The STING pathway activation can be gauged by the induction of the pathway’s major transcriptional targets, type I interferons (IFNs) and inflammatory cytokines, e.g., respectively, the IFN beta, IFNB1, and interleukin 6, IL6, genes (Galluzzi et al., 2018). Overnight incubation with doxycycline induced cGAS-GFP expression (Figure 3A) and conferred HU-inducibility on the expression of IL6 compared to the parental cGAS KO incubated with doxycycline (Figure 3B), confirming activation of the cGAS/STING pathway by HU. To note, IFNB1 expression was low and uninducible in these cGAS KO and complemented HeLa cells (not shown), as expected from a prior study (Suter et al., 2021). The ectopic cGAS partitioned similarly to the endogenous cGAS upon fractionation (compare Supplementary Figures S1A, B, Figure 1) and did not affect STING partitioning in a significant or reproducible manner.
FIGURE 3. cGAS contributes to the activation of STING, which is required for STING effect on replication forks. (A) Depletion of STING and induction of cGAS-GFP expression in the cGAS knockout (KO) HeLa cells. Cells were transfected with the indicated siRNAs and in 24 h doxycycline was added to all cells (KO and complemented) at 400 ng/ml for another 16–24 h. A dotted line marks a spliced lane. (B) qPCR measurements of IL6 mRNA in cGAS KO and cGAS KO/cGAS-GFP HeLa incubated with doxycycline as in (A) to induce cGAS-GFP, and treated with 5 mM HU for 5 h. Error bars are standard deviations. (C,D) Boxplots of first label (EdU) track length distributions in doxycycline-treated cGAS KO cells (C) and cGAS KO + cGAS-GFP cells (D). The experimental design and HU treatment was as in Figure 2, and track length values in restarted and stalled forks after HU are combined due to the low fraction of restarted forks. The results represent two independent experiments. (E) A modification to the experimental design to include a STING agonist SR-717 treatment. (F) Boxplots of first label (EdU) track length distributions in cGAS KO cells with and without an incubation with SR-717 (4 μM). The results represent two independent experiments. p values in (C–F) are determined in KS tests.

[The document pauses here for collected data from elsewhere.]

(* Let $X,Y$ be real Banach spaces, $D\subseteq X$ a nonempty open connected set, $x_0\in D$, $y_0=f(x_0)$, and $f:D\to Y$ a local homeomorphism. Then there exists a flow $\Phi:D_\Phi\to D$ in $D$ satisfying $$f(\Phi(x,t))=\Psi(f(x),t)\qquad\text{for all }(x,t)\in D_\Phi,$$ where $\Psi(y,t)=y_0+e^{-t}(y-y_0)$; any two flows in $D$ satisfying this identity coincide on the intersection of their domains, so there is a unique such flow with maximal domain. If moreover $f$ is a local $C^1$ diffeomorphism, then this maximal flow $\Phi$ is $C^1$ and is the (maximal) flow of the differential equation $$\dot x=F(x),\qquad F:D\to X,\quad F(x)=-f'(x)^{-1}\bigl(f(x)-f(x_0)\bigr).$$
   Context: A map is a local homeomorphism if every point has an open neighbourhood mapped homeomorphically onto an open set. A flow in $D$ is a map $\Phi:D_\Phi\to D$ such that: (i) $D_\Phi$ is an open subset of $D\times\mathbb R$ and $\Phi$ is continuous; (ii) for each $x\in D$, $\{t\in\mathbb R:(x,t)\in D_\Phi\}$ is an interval containing $0$; (iii) $\Phi(x,0)=x$ for all $x\in D$; (iv) if $(x,t_1),(x,t_1+t_2)\in D_\Phi$ then $(\Phi(x,t_1),t_2)\in D_\Phi$ and $\Phi(\Phi(x,t_1),t_2)=\Phi(x,t_1+t_2)$. $f$ is a local $C^1$ diffeomorphism if it is $C^1$ (Fréchet) and each point has an open neighbourhood mapped homeomorphically onto an open set with $C^1$ inverse; then $f'(x)$ is invertible for every $x$. *)

theory Defs
  imports "HOL-Analysis.Analysis"
begin
(* Let $\mu,\nu$ be the Gibbs distributions of two spin systems on the same graph $G=(V,E)$. Then $d_{TV}(\mu,\nu)\ge C\cdot d_{\mathrm{par}}(\mu,\nu)$, where: (1) for two hardcore models both satisfying the uniqueness condition, $C=\frac1{5000}$; (2) for two hardcore models both $b$-marginally bounded ($0<b<1$), $C=b^3$; (3) for two soft-Ising models both $b$-marginally bounded ($0<b<1$), $C=\frac{b^2}{2}$.
   Context: Hardcore model $(G,\lambda)$, $\lambda\in\mathbb{R}_{\ge0}^V$: weight on $\sigma\in\{-1,+1\}^V$ is $\prod_{v:\sigma_v=+1}\lambda_v$ if $\{v:\sigma_v=+1\}$ is independent, else $0$. Soft-Ising model $(G,J,h)$: $J\in\mathbb{R}^{V\times V}$ symmetric, $J_{uv}\ne0$ only for edges, $h\in\mathbb{R}^V$ (finite), weight $\exp(\sum_{\{u,v\}\in E}J_{uv}\sigma_u\sigma_v+\sum_vh_v\sigma_v)$. Gibbs distribution = normalized weight. Uniqueness condition: $\lambda_v\le(1-\eta)\lambda_c(\Delta)$ for all $v$ for some constant $\eta\in(0,1)$, where $\Delta\ge3$ is the maximum degree and $\lambda_c(\Delta)=\frac{(\Delta-1)^{\Delta-1}}{(\Delta-2)^\Delta}$. Parameter distance: for hardcore models, $d_{\mathrm{par}}(\mu,\nu)=\max_v|\lambda^\mu_v-\lambda^\nu_v|$; for soft-Ising models, $d_{\mathrm{par}}(\mu,\nu)=\max\{\max_{u,v}|J^\mu_{uv}-J^\nu_{uv}|,\ \max_v\frac{|h^\mu_v-h^\nu_v|}{\deg_v+1}\}$ with $\deg_v$ the degree of $v$ in $G$. $b$-marginally bounded: for every $\Lambda\subseteq V$, feasible $\sigma\in\{\pm1\}^\Lambda$, $v\in V$, $c\in\{\pm1\}$, if $\mu^\sigma_v(c)>0$ then $\mu^\sigma_v(c)\ge b$ ($\mu^\sigma_v$ = marginal at $v$ of $\mu$ conditioned on $\sigma$). *)

theory Defs
  imports Complex_Main
begin

definition simple_graph :: "'v set \<Rightarrow> ('v \<Rightarrow> 'v \<Rightarrow> bool) \<Rightarrow> bool" where
  "simple_graph V E \<longleftrightarrow> finite V \<and> (\<forall>u v. E u v \<longrightarrow> u \<in> V \<and> v \<in> V)
     \<and> (\<forall>u v. E u v \<longrightarrow> E v u) \<and> (\<forall>v. \<not> E v v)"

definition deg :: "'v set \<Rightarrow> ('v \<Rightarrow> 'v \<Rightarrow> bool) \<Rightarrow> 'v \<Rightarrow> nat" where
  "deg V E v = card {u \<in> V. E v u}"

definition max_deg :: "'v set \<Rightarrow> ('v \<Rightarrow> 'v \<Rightarrow> bool) \<Rightarrow> nat" where
  "max_deg V E = Max (insert 0 (deg V E ` V))"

For maRTA, the cGAS-GFP-complemented and cGAS KO cells were transfected with control and STING-targeting siRNAs as in Figure 2 and incubated with doxycycline overnight prior to the experiments. Very minor if any shortening of tracks was observed in HU-treated cGAS KO cells, rendering a contribution from STING depletion undetectable (Figure 3C). In contrast, cGAS-GFP expressing cells exhibited measurable shortening of tracks in HU, and depletion of STING suppressed this shortening in a manner similar to its effect in the cGAS-proficient cell lines described earlier (Figure 3D). To test if the role of cGAS in this context was to activate STING, we asked if exposure to a STING agonist would bypass the genetic requirement for cGAS seen in Figures 3C, D. Indeed, treatment of siRNA-transfected cGAS KO cells with SR-717 during the 5-h incubation with HU (Figure 3E) elicited STING-dependent shortening of tracks (Figure 3F). The effect of SR-717 on HU-arrested forks was also reproduced in the cGAS-deficient (de Queiroz et al., 2018) ovarian carcinoma cell line SKOV-3 (Supplementary Figure S1C). SKOV-3 displayed no track shortening in HU, but treatment with SR-717 along with HU induced track shortening (Supplementary Figure S1D). Overall, the data are consistent with the activated STING being a positive regulator of NDD at HU-arrested forks in cancer cells, with cGAS as an upstream activator of STING in this context.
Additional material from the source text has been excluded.